Many veterinary practices use inventory budgets to help control spending, improve profitability, and manage cash flow. While budgets can be helpful, they are often misunderstood and introduced too early in the inventory management process.

A budget should support good inventory decisions. It should not be the tool that determines what your hospital is allowed to order.

The most successful hospitals first optimize their inventory and then use a budget as a financial guardrail to measure performance over time.

Summary

Inventory Ally helps practices make more data-driven ordering decisions by using order history, sales data, and demand patterns to identify what inventory is needed and how much to order based on the hospital’s needs.

Budgets are most effective when they are used to evaluate inventory spending over time, not as the only factor used to approve or reduce orders.

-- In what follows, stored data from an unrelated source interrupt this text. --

(* Let $S$ be a quasi-tree of a map $\mathcal M$ and let $e,f$ be distinct edges of $\mathcal M$ that are adjacent in $\widetilde{\Lambda}(\mathcal M,S)$. Then $S'=S\triangle\{e,f\}$ is a quasi-tree of $\mathcal M$, and the vertex-colored circle graph $\widetilde{\Lambda}(\mathcal M,S')$ is obtained from $\widetilde{\Lambda}(\mathcal M,S)\wedge ef$ by exchanging the colors of $e$ and $f$. Conversely, if $S\triangle\{e,f\}$ is a quasi-tree of $\mathcal M$ (for distinct edges $e,f$), then $e$ and $f$ are adjacent in $\widetilde{\Lambda}(\mathcal M,S)$.
   Context: A map is a triple $\mathcal M=(B,\sigma,\alpha)$ with $B$ finite, $\sigma,\alpha\in\mathrm{Sym}(B)$, $\alpha$ a fixed-point-free involution, $\langle\sigma,\alpha\rangle$ transitive on $B$. Edges are the cycles of $\alpha$; $\underline b=\{b,\alpha(b)\}$. The tour of a set $F$ of edges is the permutation $\tau$ with $\tau(b)=\sigma(\alpha(b))$ if $\underline b\in F$, $\tau(b)=\sigma(b)$ otherwise; a quasi-tree is a set of edges whose tour is a single cycle on $B$. For a quasi-tree $S$ with tour $\tau$, $\widetilde\Lambda(\mathcal M,S)$ is the chord diagram obtained by placing the flags on a circle in the cyclic order of $\tau$ and joining by a chord the two flags of each edge, the chord of an edge colored $1$ if the edge is in $S$ and $2$ otherwise; it is identified with its circle graph, whose vertices are the edges of $\mathcal M$ (with these colors), two being adjacent iff their chords cross (i.e. their flags alternate around the circle). For a graph $G$ and vertex $v$, the local complementation $G\ast v$ replaces the subgraph induced on the neighbors of $v$ by its complement; for an edge $uv$, the pivot is $G\wedge uv=G\ast u\ast v\ast u$. *)

theory Defs
  imports "HOL-Combinatorics.Permutations"
begin

text \<open>A map (B, sigma, alpha): B finite, sigma and alpha permutations of B,
  alpha a fixed-point-free involution, and the group generated by sigma and alpha
  transitive on B (expressed as connectivity of B under the generators and their inverses).\<close>

definition gen_rel :: "'a set \<Rightarrow> ('a \<Rightarrow> 'a) \<Rightarrow> ('a \<Rightarrow> 'a) \<Rightarrow> ('a \<times> 'a) set" where
  "gen_rel B \<sigma> \<alpha> = {(x, \<sigma> x) | x. x \<in> B} \<union> {(x, inv \<sigma> x) | x. x \<in> B} \<union> {(x, \<alpha> x) | x. x \<in> B}"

Understand what the hospital needs first. Evaluate spending second.


The Goal Is Not to Simply Spend Less

When inventory costs feel high, the natural reaction is often to reduce spending. Unfortunately, simply spending less rarely solves the underlying problem.

In many cases, high inventory costs are caused by:

  • Too many products being stocked

  • Duplicate products within the same category

  • Excess inventory on the shelf

  • Slow-moving products

  • Ordering based on habit rather than demand

  • Fear of running out of critical products

Reducing spending without addressing these issues often leads to:

  • Stockouts

  • Emergency orders

  • Frustrated team members

  • Increased administrative work

  • Inconsistent inventory levels

Instead of asking: “How can we spend less?”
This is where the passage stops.